Internet-Draft CD-OAM-PS-REQ July 2026
Pang, et al. Expires 2 January 2027 [Page]
Workgroup:
opsawg
Internet-Draft:
draft-pang-opsawg-cd-oam-problem-00
Published:
Intended Status:
Informational
Expires:
Authors:
R. Pang
China Unicom
J. Li
China Unicom
J. Zhao
China Unicom

Cross-Domain OAM Problem Statement and Requirements:Across Trust Boundaries

Abstract

As network service deployments increasingly span multiple administrative domains—such as operator edge clouds, tenant datacenters, multi-cloud environments, and managed security services—operators lack standardized OAM (Operations, Administration, and Maintenance) mechanisms to localize faults across these trust boundaries. Existing OAM mechanisms, such as RFC 9516 for Service Function Chaining (SFC), typically assume all network elements reside within a single administrative domain.

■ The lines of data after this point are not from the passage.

lemma two_lines_through_Q:
  obtains K1 K2 where "K1 \<in> lines_through A Q" "K2 \<in> lines_through A Q" "K1 \<noteq> K2"
proof -
  have "2 \<le> card (lines_through A Q)" using count_rest_off_Q(2) by linarith
  then obtain U where "U \<subseteq> lines_through A Q" "card U = 2" by (rule obtain_subset_with_card_n)
  then show thesis using that by (auto simp: card_2_iff)
qed

lemma third_point_off_Q_lines:
  assumes "R \<in> mult_pts A" "R \<noteq> P" "R \<noteq> Q"
  shows "\<exists>H \<in> rest - lines_through A Q. R \<in> H"
proof (rule ccontr)
  assume "\<not> ?thesis"
  then have "lines_through A R \<inter> rest \<subseteq> lines_through A R \<inter> lines_through A Q"
    by (auto simp: lines_through_def)
  then have "card (lines_through A R \<inter> rest) \<le> card (lines_through A R \<inter> lines_through A Q)"
    using finite_lines_through by (intro card_mono) auto
  then show False using other_point_rest_lines[OF assms(1,2)] card_common_lines[OF assms(3)] by linarith
qed

(* No extra line: mult(A) = {P, Q}, covered by two lines. *)
lemma isolated_two_points:
  assumes "rest \<subseteq> lines_through A Q"
  shows "C_le3_simple A"
proof -
  have "mult_pts A \<subseteq> {P, Q}" using third_point_off_Q_lines assms by blast
  obtain HP HQ where "HP \<in> pencil" "HQ \<in> lines_through A Q"
    using pencil_nonempty two_lines_through_Q by blast
  then have "{HP, HQ} \<subseteq> A" "mult_pts A \<subseteq> \<Union>{HP, HQ}"
    using \<open>mult_pts A \<subseteq> {P, Q}\<close> pencil_sub P_on_pencil by (auto simp: lines_through_def)
  then have "arr_type A \<le> card {HP, HQ}" by (rule arr_type_le_card)
  also have "\<dots> \<le> 2" by (simp add: card_insert_if)
  finally show ?thesis by (simp add: C_le3_simple_def)
qed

This document describes the generic problem space, typical use cases, and gaps in existing standards for cross-domain OAM across trust boundaries, and outlines the requirements for a cross-domain OAM proxy mechanism. This document is intended to provide a problem baseline and requirement definitions for the OPSAWG and the broader operations community; it does not specify protocols or data models.

Status of This Memo

This Internet-Draft is submitted in full conformance with the provisions of BCP 78 and BCP 79.

Internet-Drafts are working documents of the Internet Engineering Task Force (IETF). Note that other groups may also distribute working documents as Internet-Drafts. The list of current Internet-Drafts is at https://datatracker.ietf.org/drafts/current/.

Internet-Drafts are draft documents valid for a maximum of six months and may be updated, replaced, or obsoleted by other documents at any time. It is inappropriate to use Internet-Drafts as reference material or to cite them other than as "work in progress."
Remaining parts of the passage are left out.